The histograms display that the rear wheel drive cars have a broader range of electric range, while vice versa for the front wheel drive. The scatterplot shows what I had said before about the strong positive correlation between electric range and battery capacity and AWD has bigger battery capacities on average. The boxplots show that AWD have the highest total power on average, while the front wheel drive cars have the lowest total power on average.

## Part 2.3: Future Considerations (25 points)

1) Explicitly calculate the variance of all the numeric features in the raw `df_ev` data set, as well as the covariance matrix. 

Then, in a few sentences (**in a markdown cell**) discuss in detail:

(a) why some variances are larger than others, 

(b) why the covariances between the different features are not as useful as the correlations you calculated in Part 2.1 (**pick a couple** of example relationships to illustrate the point(s) you make, 

and (c) if the relationships we see between the features based on the correlation matrix from Part 2.1 are necessarily the true relationships between those features. Think about the meme that was shown in the class:

![d](https://miro.medium.com/v2/resize:fit:547/1*2BnD3YAUBGNutkKiG5dKfg.jpeg)

In [None]:
#using numbers only
numeric_columns = df_ev.select_dtypes(include=[np.number]).columns

#variances
variances = df_ev[numeric_columns].var()
print("Variances:\n", variances)

#covariance matrix
cov_matrix = df_ev[numeric_columns].cov()
print("Covariance Matrix:\n", cov_matrix)

a. Some variances are larger than others because of the different units of measurement for throughout the categories, such as length being in millimeters and acceleration being in seconds.
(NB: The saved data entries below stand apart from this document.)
lemma detf_zero_row:
  assumes "j < n" "\<And>i. f j i = 0"
  shows "detf n f = 0"
proof -
  obtain K where K: "\<And>v. detf n (f(j := v)) = (\<Sum>i<n. v i * K i)"
    using detf_row_linear[OF assms(1)] by blast
  have "f = f(j := (\<lambda>i. 0))" using assms(2) by (auto simp: fun_eq_iff)
  then have "detf n f = detf n (f(j := (\<lambda>i. 0)))" by simp
  also have "\<dots> = 0" unfolding K by simp
  finally show ?thesis .
qed

lemma detf_last_row_unit:
  assumes "\<And>i. i < Suc n \<Longrightarrow> f n i = (if i = n then 1 else 0)"
  shows "detf (Suc n) f = detf n f"
proof -
  let ?A = "mat (Suc n) (Suc n) (\<lambda>(j, i). f j i)"
  have "detf (Suc n) f = (\<Sum>i<Suc n. ?A $$ (n, i) * cofactor ?A n i)"
    unfolding detf_def by (rule laplace_expansion_row) auto
  also have "\<dots> = (\<Sum>i<Suc n. if i = n then cofactor ?A n i else 0)"
    using assms by (intro sum.cong) auto
  also have "\<dots> = det (mat_delete ?A n n)" by (simp add: cofactor_def)
  also have "mat_delete ?A n n = mat n n (\<lambda>(j, i). f j i)"
    unfolding mat_delete_def by (intro eq_matI) auto
  finally show ?thesis by (simp add: detf_def)
qed

lemma sum_detf_replace_row:
  "(\<Sum>j<n. detf n (f(j := g j))) =
   (\<Sum>p\<in>{p. p permutes {0..<n}}. signof p * (\<Sum>j<n. g j (p j) * (\<Prod>i\<in>{0..<n}-{j}. f i (p i))))"
proof -
  have "(\<Sum>j<n. detf n (f(j := g j))) =
     (\<Sum>j<n. \<Sum>p\<in>{p. p permutes {0..<n}}. signof p * (g j (p j) * (\<Prod>i\<in>{0..<n}-{j}. f i (p i))))"
  proof (intro sum.cong refl)
    fix j assume j: "j \<in> {..<n}"
    show "detf n (f(j := g j)) =
        (\<Sum>p\<in>{p. p permutes {0..<n}}. signof p * (g j (p j) * (\<Prod>i\<in>{0..<n}-{j}. f i (p i))))"
      unfolding detf_leibniz
    proof (intro sum.cong refl arg_cong2[where f="(*)"])
      fix p
      have "(\<Prod>i=0..<n. (f(j := g j)) i (p i))
          = (f(j := g j)) j (p j) * (\<Prod>i\<in>{0..<n}-{j}. (f(j := g j)) i (p i))"
        using j by (intro prod.remove) auto
      also have "(\<Prod>i\<in>{0..<n}-{j}. (f(j := g j)) i (p i)) = (\<Prod>i\<in>{0..<n}-{j}. f i (p i))"
        by (intro prod.cong) auto
      finally show "(\<Prod>i=0..<n. (f(j := g j)) i (p i)) = g j (p j) * (\<Prod>i\<in>{0..<n}-{j}. f i (p i))"
        by simp
    qed
  qed
  also have "\<dots> = (\<Sum>p\<in>{p. p permutes {0..<n}}. \<Sum>j<n. signof p * (g j (p j) * (\<Prod>i\<in>{0..<n}-{j}. f i (p i))))"
    by (rule sum.swap)
  finally show ?thesis by (simp add: sum_distrib_left)
qed

lemma detf_has_real_derivative:
  assumes "\<And>j i. ((\<lambda>x. F j i x) has_real_derivative F' j i x) (at x)"
  shows "((\<lambda>x. detf n (\<lambda>j i. F j i x)) has_real_derivative
           (\<Sum>j<n. detf n ((\<lambda>j i. F j i x)(j := (\<lambda>i. F' j i x))))) (at x)"
proof -
  have leibniz: "(\<lambda>x. detf n (\<lambda>j i. F j i x))
      = (\<lambda>x. \<Sum>p\<in>{p. p permutes {0..<n}}. signof p * (\<Prod>i\<in>{0..<n}. F i (p i) x))"
    by (simp add: detf_leibniz)
  have "((\<lambda>x. \<Sum>p\<in>{p. p permutes {0..<n}}. signof p * (\<Prod>i\<in>{0..<n}. F i (p i) x)) has_real_derivative
     (\<Sum>p\<in>{p. p permutes {0..<n}}. signof p *
        (\<Sum>j\<in>{0..<n}. F' j (p j) x * (\<Prod>i\<in>{0..<n}-{j}. F i (p i) x)))) (at x)"
    by (intro DERIV_sum DERIV_cmult has_field_derivative_prod assms)
  moreover have "{0..<n} = {..<n}" by auto
  ultimately show ?thesis unfolding leibniz sum_detf_replace_row by simp
qed

lemma sum_detf_scale_row:
  "(\<Sum>j<n. detf n (f(j := (\<lambda>i. (u i - v j) * f j i)))) = ((\<Sum>i<n. u i) - (\<Sum>j<n. v j)) * detf n f"
proof -
  have term_sum: "(\<Sum>j<n. (u (p j) - v j) * f j (p j) * (\<Prod>i\<in>{0..<n}-{j}. f i (p i)))
      = ((\<Sum>i<n. u i) - (\<Sum>j<n. v j)) * (\<Prod>i=0..<n. f i (p i))"
    if p: "p permutes {0..<n}" for p
  proof -
    have "f j (p j) * (\<Prod>i\<in>{0..<n}-{j}. f i (p i)) = (\<Prod>i=0..<n. f i (p i))" if "j < n" for j
      using that by (subst prod.remove[of "{0..<n}"]) auto
    then have "(\<Sum>j<n. (u (p j) - v j) * f j (p j) * (\<Prod>i\<in>{0..<n}-{j}. f i (p i)))
        = (\<Sum>j<n. u (p j) - v j) * (\<Prod>i=0..<n. f i (p i))"
      by (simp add: sum_distrib_right mult.assoc)
    moreover have "(\<Sum>j<n. u (p j)) = (\<Sum>i<n. u i)"
      using sum.permute[of p "{..<n}" u] p by (simp add: atLeast0LessThan comp_def)
    ultimately show ?thesis by (simp add: sum_subtractf)
  qed
  have "(\<Sum>j<n. detf n (f(j := (\<lambda>i. (u i - v j) * f j i)))) = (\<Sum>p\<in>{p. p permutes {0..<n}}.
      signof p * (\<Sum>j<n. (u (p j) - v j) * f j (p j) * (\<Prod>i\<in>{0..<n}-{j}. f i (p i))))"
    by (rule sum_detf_replace_row)
  also have "\<dots> = (\<Sum>p\<in>{p. p permutes {0..<n}}.
      ((\<Sum>i<n. u i) - (\<Sum>j<n. v j)) * (signof p * (\<Prod>i=0..<n. f i (p i))))"
    by (intro sum.cong refl) (simp add: term_sum mult.left_commute)
  also have "\<dots> = ((\<Sum>i<n. u i) - (\<Sum>j<n. v j)) * detf n f"
    by (simp add: detf_leibniz sum_distrib_left)
  finally show ?thesis .
qed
Furthermore, electric capacity and total power will also vary heavily because they range from big batteries/motors to small batteries/motors.

b. Covariances are not as useful as the correlations I calculated before because they aren't standardized and the way the categories are measured differ, meaning even though the covariance between two variables such as battery capacity and electric range is going to have a positive correlation, its magnitude would be hard to analyze as the  units of measurement are different.

c. The relationships we see between the features based on the correlation matrix from Part 2.1 aren't always necessarily true because of the simple fact that correlation does not always imply causation. Two completely different and random variables might have a positive correlation, but they might not have anything to do with each other, such as the meme in the picture, which is comparing their sales to shaved heads, which are completely unrelated but still have a strong positive correlation.